The drug is highly effective in preventing the development of influenza. In comparison with the placebo group, its effectiveness is within 67-79%, and in comparison with the active observation group - within 56-61%.

[12], [13], [14], [15], [16]

Pharmacokinetics

With the introduction of the substance through inhalation, its bioavailability reaches only 2%. The level of systemic absorption is approximately 10–20%. At 1-fold use of 10 mg dosage, Cmax values are noted after 75 minutes and make up 97 ng / ml. Since the drug has a low absorption rate, its plasma values are also low.

The distribution of the active element after the procedure of inhalation occurs within the tissues of the respiratory system. Substance indicators after 12 and 24 hours from the moment of inhalation, on average, respectively, are 340 and 52 times higher than the average level of half-maximum retardation of the virus neuraminidase. A large amount of the drug component inside the respiratory tract provides a rapid slowdown in the activity of the neuraminidase virus.

The drug is cumulated inside the lung tissue (13.2%) and the tissues of the oropharynx (77.6%).

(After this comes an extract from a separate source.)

(* Assume the setting described in the context. Then: (i) Define, for each input-information value $J$, the random quantity $$\Delta s(J)=\int_{\mathbb{R}}\Pi_X(x\mid J)\,\log_2\frac{p_1(x;J)}{p(x;J)}\,dx,$$ which equals $KL[\Pi_X(\cdot\mid J)\,\|\,p(\cdot;J)]-KL[\Pi_X(\cdot\mid J)\,\|\,p_1(\cdot;J)]$ whenever both divergences are finite. Then $$E_{\mathrm{post}}\Big\{E_{\mathcal J}\big[\Delta s(\mathcal J)\big]\Big\}=\int_0^1\bar\pi(f)\log_2\bar\pi(f)\,df\;\ge\;0,$$ with equality if and only if $\bar\pi(f)=1$ for almost every $f\in[0,1]$, in which case $p_1(\cdot;J)=p(\cdot;J)$ almost everywhere for every $J$. In particular, in expectation over $\mathcal J$ and over the epistemic uncertainty, $\Pi_X(\cdot\mid J)$ is closer in relative entropy to $p_1(\cdot;J)$ than to $p(\cdot;J)$ unless $p_1=p$ almost everywhere. (ii) Let $\tilde G(f)=\int_0^f\bar\pi(f')\,df'$, so that $\tilde G(\tilde F(x;J))$ is the cumulative distribution function of $p_1(\cdot;J)$ (the PIT of the recalibrated forecast). For each $J$ define the random density of $G=\tilde G(F)$ by $\Pi_G(g\mid J)=\Pi(f\mid J)/\bar\pi(f)$ where $g=\tilde G(f)$, and let $\Pi_G(g\mid C)=E_{\mathcal J}[\Pi_G(g\mid\mathcal J)]$. Then for (almost) every $g\in[0,1]$, $$E_{\mathrm{post}}\{\Pi_G(g\mid C)\}=1,$$ i.e. the recalibrated forecast is, on average over the epistemic uncertainty, probabilistically calibrated (its expected PIT density is uniform on $[0,1]$).
   Context: Setting. $\mathcal J$ is a random variable ("input information") with distribution denoted by $E_{\mathcal J}$ for expectations. For each value $J$, $p(\cdot;J)$ is a probability density on $\mathbb{R}$ (the published forecast) with $p(x;J)>0$ for all $x$, and $\tilde F(x;J)=\int_{-\infty}^x p(x';J)\,dx'$ is its cumulative distribution function (the probability integral transform, PIT), a continuous strictly increasing bijection from $\mathbb{R}$ onto $(0,1)$. Epistemic uncertainty is modeled by a separate probability space with expectation $E_{\mathrm{post}}$ (the posterior given training PIT data): on it, for each $J$, $\Pi(\cdot\mid J)$ is a random probability density on $[0,1]$ (the imperfectly known ideal density of the PIT variable $F$ given $J$), jointly measurable in all arguments. Define the random density $\Pi(f\mid C)=E_{\mathcal J}[\Pi(f\mid\mathcal J)]$ and the predictive density $\bar\pi(f)=E_{\mathrm{post}}\{\Pi(f\mid C)\}$, assumed to be a strictly positive probability density on $[0,1]$. The imperfectly known ideal forecast density of the predictand is $\Pi_X(x\mid J)=\Pi(\tilde F(x;J)\mid J)\,p(x;J)$, and the recalibrated forecast is $p_1(x;J)=\bar\pi(\tilde F(x;J))\,p(x;J)$. The Kullback–Leibler divergence is $KL[f_2\|f_1]=\int f_2\log_2(f_2/f_1)$. All integrals and expectations are assumed finite, and expectations over $\mathcal J$ and over the epistemic uncertainty may be interchanged with integrals (Fubini). *)

theory Defs
  imports "HOL-Probability.Probability"
begin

Excreted unchanged through the kidneys, without undergoing metabolic processes. The half-life of the substance after the inhalation procedure is 2.6-5 hours. The level of total clearance - in the range of 2.5-10.9 l / h.

[17], [18], [19], [20], [21]

Dosing and administration

The medicine must be administered using a special inhaler, a diskhaler, which is contained in the package of the medicament along with the powder. For any age, a standard dose of 20 mg per day is used. In order for therapy to have the maximum effect, inhalation should begin immediately after the discovery of even mild manifestations of the disease.

It is necessary to inject the substance in 2 doses (each portion is 10 mg of zanamivir in the form of inhalation - 2 treatments of 5 mg). The duration of the drug is 5 days.

In order to prevent the drug can be used for ten days, two inhalations (10 milligrams of the active substance) once a day. If the risk of infection persists, prophylactic use can be extended to one month.

Use Relenza during pregnancy

You can not prescribe medication in the first trimester of pregnancy.

Contraindications

Main contraindications:

• history of allergy to zanamivir;
• breastfeeding period;
• increased sensitivity of the bronchi relative to inhalants;
• diseases that cause spasms of the bronchi;
• gastro-lactase.

[22], [23], [24], [25]

Side effects Relenza

The use of the drug may cause the occurrence of such adverse symptoms:

• epidermal reactions - urticaria, Stevens-Johnson syndrome, erythema multiforme, and PET;
• difficulty of the respiratory process;
• bronchospasm;
• manifestations of allergy - swelling of the larynx or face;
• social deviation;
• hallucinations, delirium or convulsions.

[26], [27], [28], [29]

Overdose

The probability of accidental intoxication Relenzey extremely low. In the case of an intentional increase in the portion to 64 mg per day, the development of negative symptoms was not observed.

In the case of parenteral administration of drugs in 1200 mg portions per day for 5 days, no negative signs were also recorded.

[30], [31], [32], [33]

Interactions with other drugs

It is forbidden to perform inhalation of this medication in combination with bronchodilators with a fast type of exposure. If there is a need to use them, these drugs are administered first, and then perform inhalation using zanamivir.

[34], [35], [36]

Storage conditions

Relenza must be kept at temperatures not exceeding 30 ° C.

[37]

Shelf life

Relenza can be used within 5 years from the date of manufacture of the drug.

Application for children

Do not use for children under 5 years of age.

[38], [39], [40], [41]

Analogs

Analogues of the medicament are such drugs as Virolex, Virgan, Amizon, Valtrex and Virogel with Nucleavir and Rebetol, as well as Acyclovir.

[42], [43], [44], [45], [46], [47]

Reviews

Relenza has a high therapeutic efficacy, significantly reducing the pathological symptoms after the first inhalation procedures. Also in the feedback indicates that the use of drugs rarely causes the appearance of side effects.